Exercise directions
Print each record exactly, with no word added or removed.

Records for the task
(* Let $G$ be a bipartite graph with minimum degree $\delta$. Then $R(G)\leqslant\sqrt{\delta}$. Moreover, if $\delta\geqslant 2$, or if $\delta=1$ and $G$ has a connected component with minimum degree $1$ that is not isomorphic to $K_2$, then $R(G)<\sqrt{\delta}$.
   Context: All graphs are simple. For a graph $G$ of order $n$ with adjacency eigenvalues $\lambda_1\geqslant\cdots\geqslant\lambda_n$, the HL-index is $R(G)=\max\{|\lambda_{\lfloor (n+1)/2\rfloor}|,\ |\lambda_{\lceil (n+1)/2\rceil}|\}$. *)

theory Defs
  imports "Jordan_Normal_Form.Char_Poly"
begin

definition simple_graph :: "nat \<Rightarrow> (nat \<Rightarrow> nat \<Rightarrow> bool) \<Rightarrow> bool" where
  "simple_graph n E \<longleftrightarrow>
     (\<forall>u<n. \<forall>v<n. E u v \<longrightarrow> E v u) \<and> (\<forall>v<n. \<not> E v v)"

definition adj_matrix :: "nat \<Rightarrow> (nat \<Rightarrow> nat \<Rightarrow> bool) \<Rightarrow> real mat" where
  "adj_matrix n E = mat n n (\<lambda>(i, j). if E i j then 1 else 0)"

text \<open>Adjacency eigenvalues, listed with multiplicity in non-increasing order
  (lambda_1 \<ge> ... \<ge> lambda_n; lambda_k is the (k-1)-th list entry).\<close>
definition eigenvalues_desc :: "nat \<Rightarrow> (nat \<Rightarrow> nat \<Rightarrow> bool) \<Rightarrow> real list" where
  "eigenvalues_desc n E = (THE ls. length ls = n \<and> sorted (rev ls) \<and>
      char_poly (adj_matrix n E) = (\<Prod>x\<leftarrow>ls. [:- x, 1:]))"

definition HL_index :: "nat \<Rightarrow> (nat \<Rightarrow> nat \<Rightarrow> bool) \<Rightarrow> real" where
  "HL_index n E = (let ls = eigenvalues_desc n E in
     max \<bar>ls ! ((n + 1) div 2 - 1)\<bar> \<bar>ls ! ((n + 2) div 2 - 1)\<bar>)"

definition degree :: "nat \<Rightarrow> (nat \<Rightarrow> nat \<Rightarrow> bool) \<Rightarrow> nat \<Rightarrow> nat" where
  "degree n E v = card {w. w < n \<and> E v w}"

definition min_degree :: "nat \<Rightarrow> (nat \<Rightarrow> nat \<Rightarrow> bool) \<Rightarrow> nat" where
  "min_degree n E = Min (degree n E ` {0..<n})"

definition bipartite :: "nat \<Rightarrow> (nat \<Rightarrow> nat \<Rightarrow> bool) \<Rightarrow> bool" where
  "bipartite n E \<longleftrightarrow> (\<exists>X \<subseteq> {0..<n}. \<forall>u<n. \<forall>v<n. E u v \<longrightarrow> (u \<in> X \<longleftrightarrow> v \<notin> X))"

definition reachable :: "nat \<Rightarrow> (nat \<Rightarrow> nat \<Rightarrow> bool) \<Rightarrow> nat \<Rightarrow> nat \<Rightarrow> bool" where
  "reachable n E = (\<lambda>u v. u < n \<and> v < n \<and> E u v)\<^sup>*\<^sup>*"

definition component :: "nat \<Rightarrow> (nat \<Rightarrow> nat \<Rightarrow> bool) \<Rightarrow> nat \<Rightarrow> nat set" where
  "component n E v = {w. w < n \<and> reachable n E v w}"

definition is_component :: "nat \<Rightarrow> (nat \<Rightarrow> nat \<Rightarrow> bool) \<Rightarrow> nat set \<Rightarrow> bool" where
  "is_component n E C \<longleftrightarrow> (\<exists>v<n. C = component n E v)"

definition min_degree_on :: "(nat \<Rightarrow> nat \<Rightarrow> bool) \<Rightarrow> nat set \<Rightarrow> nat" where
  "min_degree_on E C = Min ((\<lambda>v. card {w \<in> C. E v w}) ` C)"

definition iso_K2_on :: "(nat \<Rightarrow> nat \<Rightarrow> bool) \<Rightarrow> nat set \<Rightarrow> bool" where
  "iso_K2_on E C \<longleftrightarrow> (\<exists>u v. u \<noteq> v \<and> C = {u, v} \<and> E u v)"

end

theory Submission
  imports Defs "HOL-Analysis.Function_Topology"
begin

text \<open>
  The spectrum of a bipartite graph is symmetric about \<open>0\<close> (conjugate the adjacency matrix \<open>A\<close>
  by the sign matrix of a bipartition), so the two middle eigenvalues have the least absolute value
  among all eigenvalues. The least eigenvalue of \<open>A\<^sup>2\<close> minimises the Rayleigh quotient, so it is
  at most \<open>(A\<^sup>2)\<^sub>x\<^sub>x = deg x = \<delta>\<close> for a vertex \<open>x\<close> of minimum degree; it is the square of an
  eigenvalue \<open>\<mu>\<close> of \<open>A\<close>, whence \<open>R(G) \<le> |\<mu>| \<le> \<surd>\<delta>\<close>. If \<open>\<mu>\<^sup>2 = \<delta>\<close>, the unit vector at \<open>x\<close> is itself
  a minimiser and hence an eigenvector of \<open>A\<^sup>2\<close>, so no vertex other than \<open>x\<close> shares a neighbour
  with \<open>x\<close>; the hypotheses of the strict inequality provide such a vertex.
\<close>

section \<open>Products of linear factors\<close>

lemma prod_linear_factors_nonzero: "(\<Prod>x\<leftarrow>xs. [:- (x::'a::idom), 1:]) \<noteq> 0"
  by (auto simp: prod_list_zero_iff)

lemma degree_prod_linear_factors:
  "Polynomial.degree (\<Prod>x\<leftarrow>xs. [:- (x::'a::idom), 1:]) = length xs"
proof (induction xs)
  case (Cons a xs)
  have "Polynomial.degree ([:- a, 1:] * (\<Prod>x\<leftarrow>xs. [:- x, 1:])) = 1 + length xs"
    by (subst degree_mult_eq) (use prod_linear_factors_nonzero[of xs] Cons.IH in auto)
  then show ?case by simp
qed simp

lemma poly_prod_linear_factors:
  "poly (\<Prod>x\<leftarrow>xs. [:- (x::'a::idom), 1:]) a = (\<Prod>x\<leftarrow>xs. a - x)"
  by (induction xs) (simp_all add: algebra_simps)

lemma root_prod_linear_factors_iff:
  "poly (\<Prod>x\<leftarrow>xs. [:- (x::'a::idom), 1:]) a = 0 \<longleftrightarrow> a \<in> set xs"
  by (auto simp: poly_prod_linear_factors prod_list_zero_iff)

Expected answer
(* Let $G$ be a bipartite graph with minimum degree $\delta$. Then $R(G)\leqslant\sqrt{\delta}$. Moreover, if $\delta\geqslant 2$, or if $\delta=1$ and $G$ has a connected component with minimum degree $1$ that is not isomorphic to $K_2$, then $R(G)<\sqrt{\delta}$.
   Context: All graphs are simple. For a graph $G$ of order $n$ with adjacency eigenvalues $\lambda_1\geqslant\cdots\geqslant\lambda_n$, the HL-index is $R(G)=\max\{|\lambda_{\lfloor (n+1)/2\rfloor}|,\ |\lambda_{\lceil (n+1)/2\rceil}|\}$. *)

theory Defs
  imports "Jordan_Normal_Form.Char_Poly"
begin

definition simple_graph :: "nat \<Rightarrow> (nat \<Rightarrow> nat \<Rightarrow> bool) \<Rightarrow> bool" where
  "simple_graph n E \<longleftrightarrow>
     (\<forall>u<n. \<forall>v<n. E u v \<longrightarrow> E v u) \<and> (\<forall>v<n. \<not> E v v)"

definition adj_matrix :: "nat \<Rightarrow> (nat \<Rightarrow> nat \<Rightarrow> bool) \<Rightarrow> real mat" where
  "adj_matrix n E = mat n n (\<lambda>(i, j). if E i j then 1 else 0)"

text \<open>Adjacency eigenvalues, listed with multiplicity in non-increasing order
  (lambda_1 \<ge> ... \<ge> lambda_n; lambda_k is the (k-1)-th list entry).\<close>
definition eigenvalues_desc :: "nat \<Rightarrow> (nat \<Rightarrow> nat \<Rightarrow> bool) \<Rightarrow> real list" where
  "eigenvalues_desc n E = (THE ls. length ls = n \<and> sorted (rev ls) \<and>
      char_poly (adj_matrix n E) = (\<Prod>x\<leftarrow>ls. [:- x, 1:]))"

definition HL_index :: "nat \<Rightarrow> (nat \<Rightarrow> nat \<Rightarrow> bool) \<Rightarrow> real" where
  "HL_index n E = (let ls = eigenvalues_desc n E in
     max \<bar>ls ! ((n + 1) div 2 - 1)\<bar> \<bar>ls ! ((n + 2) div 2 - 1)\<bar>)"

definition degree :: "nat \<Rightarrow> (nat \<Rightarrow> nat \<Rightarrow> bool) \<Rightarrow> nat \<Rightarrow> nat" where
  "degree n E v = card {w. w < n \<and> E v w}"

definition min_degree :: "nat \<Rightarrow> (nat \<Rightarrow> nat \<Rightarrow> bool) \<Rightarrow> nat" where
  "min_degree n E = Min (degree n E ` {0..<n})"

definition bipartite :: "nat \<Rightarrow> (nat \<Rightarrow> nat \<Rightarrow> bool) \<Rightarrow> bool" where
  "bipartite n E \<longleftrightarrow> (\<exists>X \<subseteq> {0..<n}. \<forall>u<n. \<forall>v<n. E u v \<longrightarrow> (u \<in> X \<longleftrightarrow> v \<notin> X))"

definition reachable :: "nat \<Rightarrow> (nat \<Rightarrow> nat \<Rightarrow> bool) \<Rightarrow> nat \<Rightarrow> nat \<Rightarrow> bool" where
  "reachable n E = (\<lambda>u v. u < n \<and> v < n \<and> E u v)\<^sup>*\<^sup>*"

definition component :: "nat \<Rightarrow> (nat \<Rightarrow> nat \<Rightarrow> bool) \<Rightarrow> nat \<Rightarrow> nat set" where
  "component n E v = {w. w < n \<and> reachable n E v w}"

definition is_component :: "nat \<Rightarrow> (nat \<Rightarrow> nat \<Rightarrow> bool) \<Rightarrow> nat set \<Rightarrow> bool" where
  "is_component n E C \<longleftrightarrow> (\<exists>v<n. C = component n E v)"

definition min_degree_on :: "(nat \<Rightarrow> nat \<Rightarrow> bool) \<Rightarrow> nat set \<Rightarrow> nat" where
  "min_degree_on E C = Min ((\<lambda>v. card {w \<in> C. E v w}) ` C)"

definition iso_K2_on :: "(nat \<Rightarrow> nat \<Rightarrow> bool) \<Rightarrow> nat set \<Rightarrow> bool" where
  "iso_K2_on E C \<longleftrightarrow> (\<exists>u v. u \<noteq> v \<and> C = {u, v} \<and> E u v)"

end

theory Submission
  imports Defs "HOL-Analysis.Function_Topology"
begin

text \<open>
  The spectrum of a bipartite graph is symmetric about \<open>0\<close> (conjugate the adjacency matrix \<open>A\<close>
  by the sign matrix of a bipartition), so the two middle eigenvalues have the least absolute value
  among all eigenvalues. The least eigenvalue of \<open>A\<^sup>2\<close> minimises the Rayleigh quotient, so it is
  at most \<open>(A\<^sup>2)\<^sub>x\<^sub>x = deg x = \<delta>\<close> for a vertex \<open>x\<close> of minimum degree; it is the square of an
  eigenvalue \<open>\<mu>\<close> of \<open>A\<close>, whence \<open>R(G) \<le> |\<mu>| \<le> \<surd>\<delta>\<close>. If \<open>\<mu>\<^sup>2 = \<delta>\<close>, the unit vector at \<open>x\<close> is itself
  a minimiser and hence an eigenvector of \<open>A\<^sup>2\<close>, so no vertex other than \<open>x\<close> shares a neighbour
  with \<open>x\<close>; the hypotheses of the strict inequality provide such a vertex.
\<close>

section \<open>Products of linear factors\<close>

lemma prod_linear_factors_nonzero: "(\<Prod>x\<leftarrow>xs. [:- (x::'a::idom), 1:]) \<noteq> 0"
  by (auto simp: prod_list_zero_iff)

lemma degree_prod_linear_factors:
  "Polynomial.degree (\<Prod>x\<leftarrow>xs. [:- (x::'a::idom), 1:]) = length xs"
proof (induction xs)
  case (Cons a xs)
  have "Polynomial.degree ([:- a, 1:] * (\<Prod>x\<leftarrow>xs. [:- x, 1:])) = 1 + length xs"
    by (subst degree_mult_eq) (use prod_linear_factors_nonzero[of xs] Cons.IH in auto)
  then show ?case by simp
qed simp

lemma poly_prod_linear_factors:
  "poly (\<Prod>x\<leftarrow>xs. [:- (x::'a::idom), 1:]) a = (\<Prod>x\<leftarrow>xs. a - x)"
  by (induction xs) (simp_all add: algebra_simps)

lemma root_prod_linear_factors_iff:
  "poly (\<Prod>x\<leftarrow>xs. [:- (x::'a::idom), 1:]) a = 0 \<longleftrightarrow> a \<in> set xs"
  by (auto simp: poly_prod_linear_factors prod_list_zero_iff)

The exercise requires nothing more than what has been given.